Examination of profiles indicated that belief and psychopathological factors interacted in complex ways. Respondents high in Paranormal Belief were differentiated by elevated global (Profile 1) vs. specific (Unusual Experiences) (Profile 2) Psychopathology scores. The presence of a profile characterised by high Unusual Experiences aligns with Loughland and Williams (1997). The Unusual Experiences subscale reflects mainly positive schizotypal characteristics such as perceptual distortions and magical thinking, which align with the reality distortion syndrome of positive schizophrenic symptoms (Liddle, 1987Loughland and Williams, 1997). Perceptual distortions represent an attenuated form of hallucination, and magical thinking signifies weaker type delusional thoughts.

In the present study, Profile 2 attributes were associated with higher levels of well-being than the global high (Profile 1) and moderate psychological adjustment (Profile 3) subgroups. This suggests that high Paranormal Belief is not necessarily concomitant with lower psychological adjustment and reduced well-being. Although, caution is required when drawing comparison with Loughland and Williams (1997), since they used agglomerative hierarchical clustering rather than LPA, and their analysis considered only schizotypy.

Despite this caveat, the presence of differing high belief profiles has important implications for subsequent research as they are differentially associated with well-being. The presence of a Paranormal sub-group with relatively low Psychopathology scores is consistent with the high levels of supernatural endorsement observed in general populations. It also aligned with the notion that paranormal beliefs in non-clinical samples represent non-psychotic delusions (Irwin et al., 2012a,b). In this context, beliefs often arise from reality testing deficits where individuals fail to adequately assess the validity of propositions and the evidence from which they derive (Dagnall et al., 2015Drinkwater et al., 2020). Thus, beliefs alone reflect thinking style preferences rather than variations in psycholopathology.

Using LPA to study paranormal belief and psychopathology is conceptually significant because the method recognises that individuals because of life history vary on both constructs. This is important as paranormal belief and psychopathology may concurrently influence psychological adjustment and well-being. Hence, identifying differing profiles advances knowledge in terms of appreciating how specific combinations of paranormal belief and psychopathology relate to well-being. In this instance, demonstrating that although higher Paranormal Belief and psychopathology generally relate to lower well-being, high Paranormal Belief is not inevitably attendant with poorer psychological functioning and lower well-being.
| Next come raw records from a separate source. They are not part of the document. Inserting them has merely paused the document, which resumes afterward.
lemma skew_symmetricI:
  assumes "A \<in> carrier_mat n n"
    and "\<And>i j. i < n \<Longrightarrow> j < n \<Longrightarrow> A $$ (i, j) = - A $$ (j, i)"
    and "\<And>i. i < n \<Longrightarrow> A $$ (i, i) = 0"
  shows "skew_symmetric A"
proof -
  have "square_mat A"
    using assms(1) by simp
  with assms(2,3) show ?thesis
    unfolding skew_symmetric_def carrier_matD(1)[OF assms(1)] by blast
qed

lemma skew_symmetricD:
  assumes "skew_symmetric A" "A \<in> carrier_mat n n"
  shows "i < n \<Longrightarrow> j < n \<Longrightarrow> A $$ (i, j) = - A $$ (j, i)"
    and "i < n \<Longrightarrow> A $$ (i, i) = 0"
  using assms(1) unfolding skew_symmetric_def carrier_matD(1)[OF assms(2)] by blast+

lemma det_skew_symmetric_odd_eq_0:
  assumes "A \<in> carrier_mat n n" "skew_symmetric A" "odd n"
  shows "det A = 0"
  using det_alternating_odd_eq_0[OF assms(1,3)] skew_symmetricD[OF assms(2,1)] by blast

lemma det_four_block_mat_corner_one:
  fixes B :: "'a::idom mat"
  assumes B: "B \<in> carrier_mat k k" and c: "c \<in> carrier_mat k 1" and r: "r \<in> carrier_mat 1 k"
  shows "det (four_block_mat B c (- r) (1\<^sub>m 1)) = det (B + c * r)"
proof -
  define M where "M = four_block_mat B c (- r) (1\<^sub>m 1)"
  define E where "E = four_block_mat (1\<^sub>m k) (0\<^sub>m k 1) r (1\<^sub>m 1)"
  have M: "M \<in> carrier_mat (k + 1) (k + 1)" and E: "E \<in> carrier_mat (k + 1) (k + 1)"
    unfolding M_def E_def using B by auto
  have "- r \<in> carrier_mat 1 k"
    using r by simp
  from mult_four_block_mat[OF B c this one_carrier_mat one_carrier_mat zero_carrier_mat r one_carrier_mat]
  have "M * E = four_block_mat (B + c * r) c (0\<^sub>m 1 k) (1\<^sub>m 1)"
    unfolding M_def E_def using B c r by simp
  then have "det (M * E) = det (B + c * r)"
    using B c r by (simp add: det_four_block_mat_lower_left_zero[where n = k and m = 1])
  moreover have "det E = 1"
    unfolding E_def using r by (subst det_four_block_mat_upper_right_zero[where n = k and m = 1]) auto
  ultimately show ?thesis
    using det_mult[OF M E] by (simp add: M_def)
qed
definition geodesic ::
  "(real \<Rightarrow> real^8) \<Rightarrow> (real \<Rightarrow> real^8) \<Rightarrow> real \<Rightarrow> real \<Rightarrow> bool" where
  "geodesic \<gamma> \<gamma>' a b \<longleftrightarrow> (\<exists>\<gamma>''. \<forall>t\<in>{a<..<b}.
      (\<gamma> has_vector_derivative \<gamma>' t) (at t) \<and>
      (\<gamma>' has_vector_derivative \<gamma>'' t) (at t) \<and>
      (\<forall>k. (\<Sum>l\<in>UNIV. gco (\<gamma> t) k l * \<gamma>'' t $ l)
           + (\<Sum>i\<in>UNIV. \<Sum>j\<in>UNIV. chr1 (\<gamma> t) i j k * \<gamma>' t $ i * \<gamma>' t $ j) = 0))"

definition first_integral :: "((real^8) \<times> (real^8) \<Rightarrow> real) \<Rightarrow> bool" where
  "first_integral F \<longleftrightarrow> (\<forall>\<gamma> \<gamma>' a b. geodesic \<gamma> \<gamma>' a b \<longrightarrow>
     (\<forall>s\<in>{a<..<b}. \<forall>t\<in>{a<..<b}.
        F (\<gamma> s, Linv (\<gamma> s) (\<gamma>' s)) = F (\<gamma> t, Linv (\<gamma> t) (\<gamma>' t))))"

definition Gamma_invariant :: "((real^8) \<times> (real^8) \<Rightarrow> real) \<Rightarrow> bool" where
  "Gamma_invariant F \<longleftrightarrow> (\<forall>\<gamma>\<in>Gamma. \<forall>p X. F (nmult \<gamma> p, X) = F (p, X))"

primrec Ck :: "nat \<Rightarrow> ('a::euclidean_space \<Rightarrow> real) \<Rightarrow> bool" where
  "Ck 0 f = continuous_on UNIV f"
| "Ck (Suc n) f = (f differentiable_on UNIV \<and>
      (\<forall>b\<in>Basis. Ck n (\<lambda>x. frechet_derivative f (at x) b)))"

definition smooth :: "('a::euclidean_space \<Rightarrow> real) \<Rightarrow> bool" where
  "smooth f \<longleftrightarrow> (\<forall>n. Ck n f)"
This conclusion is consistent with related work postulating the existence of happy or benign schizotypes. That is, individuals who experience psychotic-like experiences as rewarding and enhancing. These are individuals, who (in relation to the population means) score extremely high on the positive characteristics, but below average on negative and cognitive/disorganised factors (see Claridge, 2018Grant and Hennig, 2020).

Limitations

A limitation concerns the relative distributions of Paranormal Belief and psychopathology-related scores. Explicitly, Paranormal Belief exhibited greater variation compared with psychopathology measures such as schizotypy. Though schizotypy sum totals were analogous to established norms (Mason et al., 2005), range restriction existed because participants came from a non-clinical, general population. In addition, differences existed as a function of the number of items per measure (e.g., Paranormal Belief 26-items vs. Unusual Experiences 12-items). While scaled means were utilised to minimise this (which is advocated with LPA; Uckelstam et al., 2019), high scores on variables should be interpreted as relative rather than absolute.

Moreover, recoding continuous data to create meaningful profiles can lead to information loss (Lanza and Rhoades, 2013). The profiles in this study were statistically and conceptually meaningful, however, it is necessary to guard against reification. Particularly, LPA profiles relate to heterogeneity across a model’s variables, not subtypes of individuals in the population (Lanza and Rhoades, 2013). Too few or too many profiles can be identified through LPA, and it would be valuable for subsequent research to corroborate the current findings by replication and cross-validation (Collins et al., 1994).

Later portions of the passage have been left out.